*** Opening of SOURCE DATA ***
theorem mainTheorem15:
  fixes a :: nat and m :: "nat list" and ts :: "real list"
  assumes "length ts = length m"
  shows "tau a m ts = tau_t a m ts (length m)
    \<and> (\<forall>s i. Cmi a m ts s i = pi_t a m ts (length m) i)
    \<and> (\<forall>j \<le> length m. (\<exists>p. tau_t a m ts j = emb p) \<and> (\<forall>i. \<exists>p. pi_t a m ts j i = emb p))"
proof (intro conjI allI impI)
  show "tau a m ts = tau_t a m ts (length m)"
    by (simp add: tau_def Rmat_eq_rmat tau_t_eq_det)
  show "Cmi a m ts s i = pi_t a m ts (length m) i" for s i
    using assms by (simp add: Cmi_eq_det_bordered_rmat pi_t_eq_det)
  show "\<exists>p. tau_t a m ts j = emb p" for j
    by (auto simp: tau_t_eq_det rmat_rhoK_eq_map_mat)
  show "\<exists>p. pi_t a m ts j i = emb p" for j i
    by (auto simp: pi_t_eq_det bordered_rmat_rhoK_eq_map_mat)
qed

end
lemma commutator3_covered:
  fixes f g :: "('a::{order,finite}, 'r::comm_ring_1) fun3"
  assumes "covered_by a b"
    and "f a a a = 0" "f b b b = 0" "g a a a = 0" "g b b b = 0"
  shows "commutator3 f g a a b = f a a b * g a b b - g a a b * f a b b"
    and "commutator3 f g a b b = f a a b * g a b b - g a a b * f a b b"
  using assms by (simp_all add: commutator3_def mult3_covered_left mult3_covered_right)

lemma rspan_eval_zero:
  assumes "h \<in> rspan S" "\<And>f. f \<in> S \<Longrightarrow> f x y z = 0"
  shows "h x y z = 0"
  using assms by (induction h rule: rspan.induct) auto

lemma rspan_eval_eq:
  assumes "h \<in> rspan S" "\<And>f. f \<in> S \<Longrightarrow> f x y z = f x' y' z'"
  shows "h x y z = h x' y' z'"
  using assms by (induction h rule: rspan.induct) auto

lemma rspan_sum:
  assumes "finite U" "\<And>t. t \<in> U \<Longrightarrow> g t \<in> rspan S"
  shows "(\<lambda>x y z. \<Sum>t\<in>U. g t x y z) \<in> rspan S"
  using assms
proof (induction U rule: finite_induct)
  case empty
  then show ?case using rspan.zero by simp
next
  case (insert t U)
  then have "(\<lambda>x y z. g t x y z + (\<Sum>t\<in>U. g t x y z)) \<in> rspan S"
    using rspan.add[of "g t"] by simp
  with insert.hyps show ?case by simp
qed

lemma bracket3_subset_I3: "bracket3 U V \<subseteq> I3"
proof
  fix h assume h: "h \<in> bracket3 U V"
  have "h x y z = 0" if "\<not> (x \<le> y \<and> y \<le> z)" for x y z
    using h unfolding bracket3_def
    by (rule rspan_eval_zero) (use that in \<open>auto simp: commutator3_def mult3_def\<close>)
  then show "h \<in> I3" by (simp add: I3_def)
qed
*** Close of SOURCE DATA ***
*** Opening of SOURCE DATA ***
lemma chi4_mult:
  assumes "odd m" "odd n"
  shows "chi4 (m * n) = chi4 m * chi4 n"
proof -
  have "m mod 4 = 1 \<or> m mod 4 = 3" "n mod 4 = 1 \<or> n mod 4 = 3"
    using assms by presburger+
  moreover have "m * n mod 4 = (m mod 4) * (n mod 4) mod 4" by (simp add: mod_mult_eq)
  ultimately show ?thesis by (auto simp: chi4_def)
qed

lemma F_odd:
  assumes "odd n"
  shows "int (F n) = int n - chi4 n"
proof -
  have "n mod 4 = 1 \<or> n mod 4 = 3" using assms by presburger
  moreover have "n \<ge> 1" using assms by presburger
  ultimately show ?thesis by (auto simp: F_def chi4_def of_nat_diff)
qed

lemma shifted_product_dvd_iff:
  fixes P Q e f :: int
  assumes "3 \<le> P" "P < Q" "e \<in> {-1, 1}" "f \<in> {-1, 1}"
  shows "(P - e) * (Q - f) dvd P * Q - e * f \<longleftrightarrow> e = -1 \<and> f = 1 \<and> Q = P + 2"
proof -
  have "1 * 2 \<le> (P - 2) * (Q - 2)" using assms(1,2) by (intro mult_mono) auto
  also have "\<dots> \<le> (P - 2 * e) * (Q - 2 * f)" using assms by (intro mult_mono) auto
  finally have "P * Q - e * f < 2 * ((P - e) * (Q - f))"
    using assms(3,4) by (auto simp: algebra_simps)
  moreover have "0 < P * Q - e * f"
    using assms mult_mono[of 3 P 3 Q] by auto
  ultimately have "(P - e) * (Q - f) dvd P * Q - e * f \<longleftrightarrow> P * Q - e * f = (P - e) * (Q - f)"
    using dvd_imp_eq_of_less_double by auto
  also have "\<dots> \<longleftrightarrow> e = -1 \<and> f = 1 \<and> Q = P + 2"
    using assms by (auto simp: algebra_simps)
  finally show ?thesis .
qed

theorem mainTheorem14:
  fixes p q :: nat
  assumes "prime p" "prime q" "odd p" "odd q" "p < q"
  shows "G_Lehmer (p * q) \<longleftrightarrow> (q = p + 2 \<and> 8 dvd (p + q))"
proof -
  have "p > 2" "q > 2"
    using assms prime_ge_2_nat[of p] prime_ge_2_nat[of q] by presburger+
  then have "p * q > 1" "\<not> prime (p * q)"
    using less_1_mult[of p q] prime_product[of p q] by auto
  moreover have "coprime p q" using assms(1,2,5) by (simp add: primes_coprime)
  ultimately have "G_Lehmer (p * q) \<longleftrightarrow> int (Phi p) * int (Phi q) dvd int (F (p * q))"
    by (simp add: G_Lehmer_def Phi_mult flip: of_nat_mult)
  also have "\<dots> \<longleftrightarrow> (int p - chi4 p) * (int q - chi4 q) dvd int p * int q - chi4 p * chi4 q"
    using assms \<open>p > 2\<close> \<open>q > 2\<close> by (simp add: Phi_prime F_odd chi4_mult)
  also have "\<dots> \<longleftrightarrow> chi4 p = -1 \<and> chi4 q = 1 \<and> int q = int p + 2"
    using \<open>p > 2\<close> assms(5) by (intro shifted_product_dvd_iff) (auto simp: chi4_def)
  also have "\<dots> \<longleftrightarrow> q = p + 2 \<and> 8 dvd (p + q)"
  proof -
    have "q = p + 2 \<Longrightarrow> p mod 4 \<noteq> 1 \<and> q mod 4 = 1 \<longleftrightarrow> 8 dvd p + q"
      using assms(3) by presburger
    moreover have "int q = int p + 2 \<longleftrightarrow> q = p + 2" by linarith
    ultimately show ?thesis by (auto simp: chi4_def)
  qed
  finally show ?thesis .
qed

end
*** Close of SOURCE DATA ***
**BRIEF:** Look through the data above and report every line in which "rule" appears.

**ANSWER AREA:**
  using assms by (induction h rule: rspan.induct) auto
  using assms by (induction h rule: rspan.induct) auto
proof (induction U rule: finite_induct)
    by (rule rspan_eval_zero) (use that in \<open>auto simp: commutator3_def mult3_def\<close>)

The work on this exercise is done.